Children's Hospital of Philadelphia receives $25 million gift

Children's Hospital of Philadelphia has announced a $25 million gift from the Wood family, which founded what became the convenience store chain Wawa, in support of the hospital's fetal medicine program.

Made in recognition of the program's twenty-fifth anniversary, the gift will establish the Richard D. Wood Jr. Center for Fetal Diagnosis and Treatment, named for Wawa chairperson emeritus Richard D. Wood, Jr., and support the expansion of the program's clinical, educational, and research efforts, including efforts to build out clinical space for the Garbose Family Special Delivery Unit, create a birth defects biorepository, and establish endowments for a distinguished chair in pediatric surgical science and fellowships in pediatric surgical science.

Dr. George Bacon Wood was among the signers of the hospital's articles of incorporation when it was founded in 1855, and the family has long supported CHOP.

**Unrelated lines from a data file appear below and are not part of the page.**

(* Let $s\ge0$ and let $V_1,\ldots,V_n$ be vector subspaces of a finite-dimensional real vector space, each $V_i$ with a fixed generating set $\{v^i_1,\ldots,v^i_{m_i}\}$. Consider the polyhedron $$P=\Big\{(d_1,\ldots,d_n)\in\mathbb R^n:\ d_1\ge0,\ldots,d_n\ge0,\ \sum_{i\in I}d_i+\dim\Big(\sum_{i\in I^c}V_i\Big)\ge s\ \text{for all } I\subset\{1,\ldots,n\}\Big\}.$$ Then every vertex of $P$ is of the form $\widehat J(i)$ for some $(J,i)\in\overline{\mathbb J}$.
   Context: $I^c=\{1,\ldots,n\}\setminus I$; $\sum_{i\in\emptyset}d_i=0$ and the empty sum of subspaces is $\{0\}$. $\mathbb J$ is the family of all tuples $J=(\mathrm j_1,\ldots,\mathrm j_n)$ with $\mathrm j_i\subset\{v^i_1,\ldots,v^i_{m_i}\}$ such that the family formed by all elements of $\mathrm j_1,\ldots,\mathrm j_n$ taken together is linearly independent and $\#\mathrm j_1+\cdots+\#\mathrm j_n\ge s$. For $J\in\mathbb J$, $i\in\{1,\ldots,n\}$, $\widehat J(i)=(\#\mathrm j_1,\ldots,\#\mathrm j_n)+(s-(\#\mathrm j_1+\cdots+\#\mathrm j_n))e_i$ with $e_i$ the canonical basis of $\mathbb R^n$, and $\overline{\mathbb J}=\{(J,i): J\in\mathbb J,\ \widehat J(i)\ge 0 \text{ coordinatewise}\}$. *)

theory Defs
  imports "HOL-Analysis.Analysis"
begin

definition subspace_sum :: "('n \<Rightarrow> 'a::real_vector set) \<Rightarrow> 'n set \<Rightarrow> 'a set" where
  "subspace_sum V I = {x. \<exists>f. (\<forall>i\<in>I. f i \<in> V i) \<and> x = (\<Sum>i\<in>I. f i)}"

definition polyP :: "real \<Rightarrow> ('n::finite \<Rightarrow> 'a::euclidean_space set) \<Rightarrow> (real^'n) set" where
  "polyP s V = {d. (\<forall>i. d $ i \<ge> 0) \<and>
     (\<forall>I. (\<Sum>i\<in>I. d $ i) + real (dim (subspace_sum V (- I))) \<ge> s)}"

(* The family \<J>: J i is a subset of the i-th generating set G i; the family formed by all
   elements of J 1, ..., J n taken together (as a disjoint union) is linearly independent,
   and the total number of elements is at least s. *)
definition JJ :: "real \<Rightarrow> ('n::finite \<Rightarrow> 'a::euclidean_space set) \<Rightarrow> ('n \<Rightarrow> 'a set) set" where
  "JJ s G = {J. (\<forall>i. J i \<subseteq> G i) \<and>
     inj_on snd (SIGMA i:UNIV. J i) \<and> independent (\<Union>i. J i) \<and>
     real (\<Sum>i\<in>UNIV. card (J i)) \<ge> s}"

definition Jhat :: "real \<Rightarrow> ('n::finite \<Rightarrow> 'a set) \<Rightarrow> 'n \<Rightarrow> real^'n" where
  "Jhat s J i = (\<chi> k. real (card (J k)) +
      (if k = i then s - real (\<Sum>l\<in>UNIV. card (J l)) else 0))"

definition JJbar :: "real \<Rightarrow> ('n::finite \<Rightarrow> 'a::euclidean_space set) \<Rightarrow> (('n \<Rightarrow> 'a set) \<times> 'n) set" where
  "JJbar s G = {(J, i). J \<in> JJ s G \<and> (\<forall>k. Jhat s J i $ k \<ge> 0)}"

end

theory Submission
  imports Defs
begin

(* Write rank(X) for the dimension of the span of the generators of the blocks
   indexed by X, so that d lies in P iff d >= 0 and d(I) + rank(-I) >= s for all I.  The rank
   function is submodular, hence so is the slack of these constraints.  At a vertex d:
   (1) every direction preserving all tight constraints vanishes;
   (2) with e_i this shows that the support of d is covered by tight constraints, whence the
       total mass of d is s and d(T) <= rank(T) for all T; the tight constraints are then the
       complements of the saturated sets T, those with d(T) = rank(T);
   (3) with e_i - e_j it shows that distinct support points are separated by saturated sets.
   Saturated sets form a lattice.  Peeling off one point at a time, the greatest saturated
   subset U of the support carries a block basis J (disjoint J k within the k-th generating
   set, independent union) with card (J k) = d k; at most one support point i lies outside U,
   and adding a basis-extending block for i gives the family required by the theorem. *)

lemma subspace_subspace_sum:
  assumes "\<And>i. i \<in> I \<Longrightarrow> subspace (V i)"
  shows "subspace (subspace_sum V I)"
  unfolding subspace_def
proof (intro conjI ballI allI)
  show "0 \<in> subspace_sum V I"
    using assms by (auto simp: subspace_sum_def subspace_0 intro!: exI[of _ "\<lambda>_. 0"])
next
  fix x y assume "x \<in> subspace_sum V I" "y \<in> subspace_sum V I"
  then obtain f g where "\<forall>i\<in>I. f i \<in> V i" "x = (\<Sum>i\<in>I. f i)" "\<forall>i\<in>I. g i \<in> V i" "y = (\<Sum>i\<in>I. g i)"
    by (auto simp: subspace_sum_def)
  then show "x + y \<in> subspace_sum V I"
    using assms by (auto simp: subspace_sum_def sum.distrib subspace_add intro!: exI[of _ "\<lambda>i. f i + g i"])
next
  fix c :: real and x assume "x \<in> subspace_sum V I"
  then obtain f where "\<forall>i\<in>I. f i \<in> V i" "x = (\<Sum>i\<in>I. f i)"
    by (auto simp: subspace_sum_def)
  then show "c *\<^sub>R x \<in> subspace_sum V I"
    using assms by (auto simp: subspace_sum_def scaleR_sum_right subspace_scale intro!: exI[of _ "\<lambda>i. c *\<^sub>R f i"])
qed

"Across eight generations and for more than one hundred and sixty-five years, the Wood family and Wawa have been invaluable partners to and champions of our hospital," said CHOP chief executive Madeline Bell. "This generous investment from the Wood family will undoubtedly help advance the translation of promising science into new therapies that will benefit our tiniest patients."

"It is a great privilege and honor to name the hospital's Center for Fetal Diagnosis and Treatment after Richard D. Wood, Jr. On behalf of our entire team, I would like to express my gratitude to the Wood family on this historic gift, which will fuel a new era of breakthroughs in fetal medicine and surgery," said N. Scott Adzick, surgeon-in-chief and founder and director of the Richard D. Wood Jr. Center for Fetal Diagnosis and Treatment. "Their generous philanthropic support will allow for a major expansion of infrastructure, patient services, research, and recruitment that will categorically be pivotal to our hospital and the patients and families we serve worldwide."